This case is tied to Egypt’s controversial protest law, which bans demonstrations that haven’t received prior government approval. The government says it needs the measure to maintain security, but rights groups have condemned the law, saying it infringes on freedom of expression.
Abdel Fattah, who has become a symbol of the 2011 revolution, is charged with organizing a demonstration the day after the protest law took effect in November. He’s being tried along with twenty-four other men, who are all charged with assaulting a police officer and damaging public property. The women arrested at the same time, including Abdel Fattah’s sister, say they were beaten by police then driven out of the city and dropped off on a remote desert road.
The prosecution released the remaining defendants during today’s session. Dressed in street clothes, they burst into applause as Abdel Fattah entered the defendant’s cage in his white prison jumpsuit. Grinning through the bars, he looked upbeat and shouted greetings to his co-defendants.
Abdel Fattah, one of Egypt’s best known bloggers, has a long track record of criticizing the government; he’s been doing it over the course of four regimes. He was first incarcerated under Egypt’s ousted dictator Hosni Mubarak in 2006, then again under the generals who took power in 2011. But this past stint is the longest he’s spent behind bars.
And since his first arrest in 2006, his father and prominent human rights lawyer Ahmed Seif has defended him in court.
“It is a nightmare,” he said as he waited in the courtroom for the judge’s decision. Seif says that this time is worse than the others because of the arbitrary nature of Egypt’s judicial system these days.
“There could be a surprise sentencing. Or they could release Alaa. Or they could decide to arrest the other defendants.
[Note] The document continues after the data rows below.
(* Let $T$ be a tree on vertex set $\{1,\dots,n\}$, $n\ge2$, let $k\ge2$, and let $M$ be the order-$k$ Steiner distance hypermatrix of $T$. Let $Z$ be the zeta matrix of $T$ rooted at vertex $n$. Then for all $\mathbf{c}_1,\ldots,\mathbf{c}_k\in\mathbb{R}^n$: if $k$ is even, $$M(\mathbf{c}_1,\ldots,\mathbf{c}_k)=\big(U-2(\mathbb{I}^k_{n-1}\oplus[0])\big)(Z\mathbf{c}_1,\ldots,Z\mathbf{c}_k);$$ if $k$ is odd, $$M(\mathbf{c}_1,\ldots,\mathbf{c}_k)=U(Z\mathbf{c}_1,\ldots,Z\mathbf{c}_k).$$
   Context: For $U'\subseteq V(T)$, the Steiner distance $S(U')$ is the minimum number of edges of a connected subgraph of $T$ whose vertex set contains $U'$. The order-$k$ Steiner distance hypermatrix $M$ has entries $M_{(i_1,\dots,i_k)}=S(\{i_1,\dots,i_k\})$, and for any order-$k$, dimension-$n$ hypermatrix $H$, $H(\mathbf{x}_1,\dots,\mathbf{x}_k)=\sum_{\mathbf{i}\in[n]^k}H_{\mathbf{i}}\prod_{j=1}^k x_{j i_j}$. The zeta matrix $Z$ of $T$ rooted at $n$ is the $n\times n$ matrix with $Z_{xy}=1$ if $x$ lies on the unique path in $T$ from $y$ to $n$ (including the endpoints), and $Z_{xy}=0$ otherwise. $U$ is the order-$k$, dimension-$n$ hypermatrix whose $(i_1,\dots,i_k)$ entry equals $(-1)^{t-1}$ if there exist a vertex $w\in\{1,\dots,n-1\}$ and a set $S\subseteq\{1,\dots,k\}$ with $|S|=t$, $1\le t\le k-1$, such that $i_j=w$ for $j\in S$ and $i_j=n$ for $j\notin S$; and $0$ otherwise. $\mathbb{I}^k_{n-1}\oplus[0]$ is the order-$k$, dimension-$n$ hypermatrix whose $(i_1,\dots,i_k)$ entry is $1$ if $i_1=\dots=i_k\in\{1,\dots,n-1\}$ and $0$ otherwise. *)

theory Defs
  imports Complex_Main
begin

definition adj :: "nat set set \<Rightarrow> nat \<Rightarrow> nat \<Rightarrow> bool" where
  "adj F x y \<longleftrightarrow> {x, y} \<in> F \<and> x \<noteq> y"

definition connected_graph :: "nat set \<Rightarrow> nat set set \<Rightarrow> bool" where
  "connected_graph W F \<longleftrightarrow> (\<forall>x\<in>W. \<forall>y\<in>W. (adj F)\<^sup>*\<^sup>* x y)"

text \<open>A tree on {1..n}: a connected graph in which no edge lies on a cycle
  (i.e. acyclic: removing any edge disconnects its endpoints).\<close>
definition is_tree :: "nat \<Rightarrow> nat set set \<Rightarrow> bool" where
  "is_tree n E \<longleftrightarrow>
     (\<forall>e\<in>E. e \<subseteq> {1..n} \<and> card e = 2) \<and>
     connected_graph {1..n} E \<and>
     (\<forall>x y. {x, y} \<in> E \<longrightarrow> x \<noteq> y \<longrightarrow> \<not> (adj (E - {{x, y}}))\<^sup>*\<^sup>* x y)"

definition steiner :: "nat \<Rightarrow> nat set set \<Rightarrow> nat set \<Rightarrow> nat" where
  "steiner n E U' = Min {card F | F W. F \<subseteq> E \<and> W \<subseteq> {1..n} \<and> U' \<subseteq> W \<and>
                          (\<forall>e\<in>F. e \<subseteq> W) \<and> connected_graph W F}"

text \<open>Hypermatrices of order k, dimension n: functions on index lists of length k
  with entries in {1..n}. Vectors in R^n are functions on {1..n}; a k-tuple of vectors
  is indexed by j < k.\<close>
definition hm_indices :: "nat \<Rightarrow> nat \<Rightarrow> nat list set" where
  "hm_indices n k = {i. length i = k \<and> set i \<subseteq> {1..n}}"

definition hm_form :: "nat \<Rightarrow> nat \<Rightarrow> (nat list \<Rightarrow> real) \<Rightarrow> (nat \<Rightarrow> nat \<Rightarrow> real) \<Rightarrow> real" where
  "hm_form n k H x = (\<Sum>i\<in>hm_indices n k. H i * (\<Prod>j<k. x j (i ! j)))"

definition steiner_hm :: "nat \<Rightarrow> nat set set \<Rightarrow> nat list \<Rightarrow> real" where
  "steiner_hm n E i = real (steiner n E (set i))"

definition is_path :: "nat set set \<Rightarrow> nat list \<Rightarrow> nat \<Rightarrow> nat \<Rightarrow> bool" where
  "is_path E p a b \<longleftrightarrow> p \<noteq> [] \<and> hd p = a \<and> last p = b \<and> distinct p \<and>
      (\<forall>j. Suc j < length p \<longrightarrow> adj E (p ! j) (p ! Suc j))"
Or maybe,” he said with a smile, “they’re release all of them and arrest the lawyers.”
His cousin Omar Robert Hamilton says that for all of Egypt’s recent governments, “Alaa represents this new, very linked-up, vocal, intelligent youth and so he is just one of a few names that is always on the top of their list.”
Hamilton stresses that this isn’t over, “He could very well take a sentence when it comes to ruling in the end.” With an ongoing crackdown on dissenting voices, Egypt’s courts are working overtime and its prisons are overflowing with thousands of people who protested against the government.
But for now at least, Abdel Fattah will return home to spend time with his wife and his young son, who was born the last time he was in prison.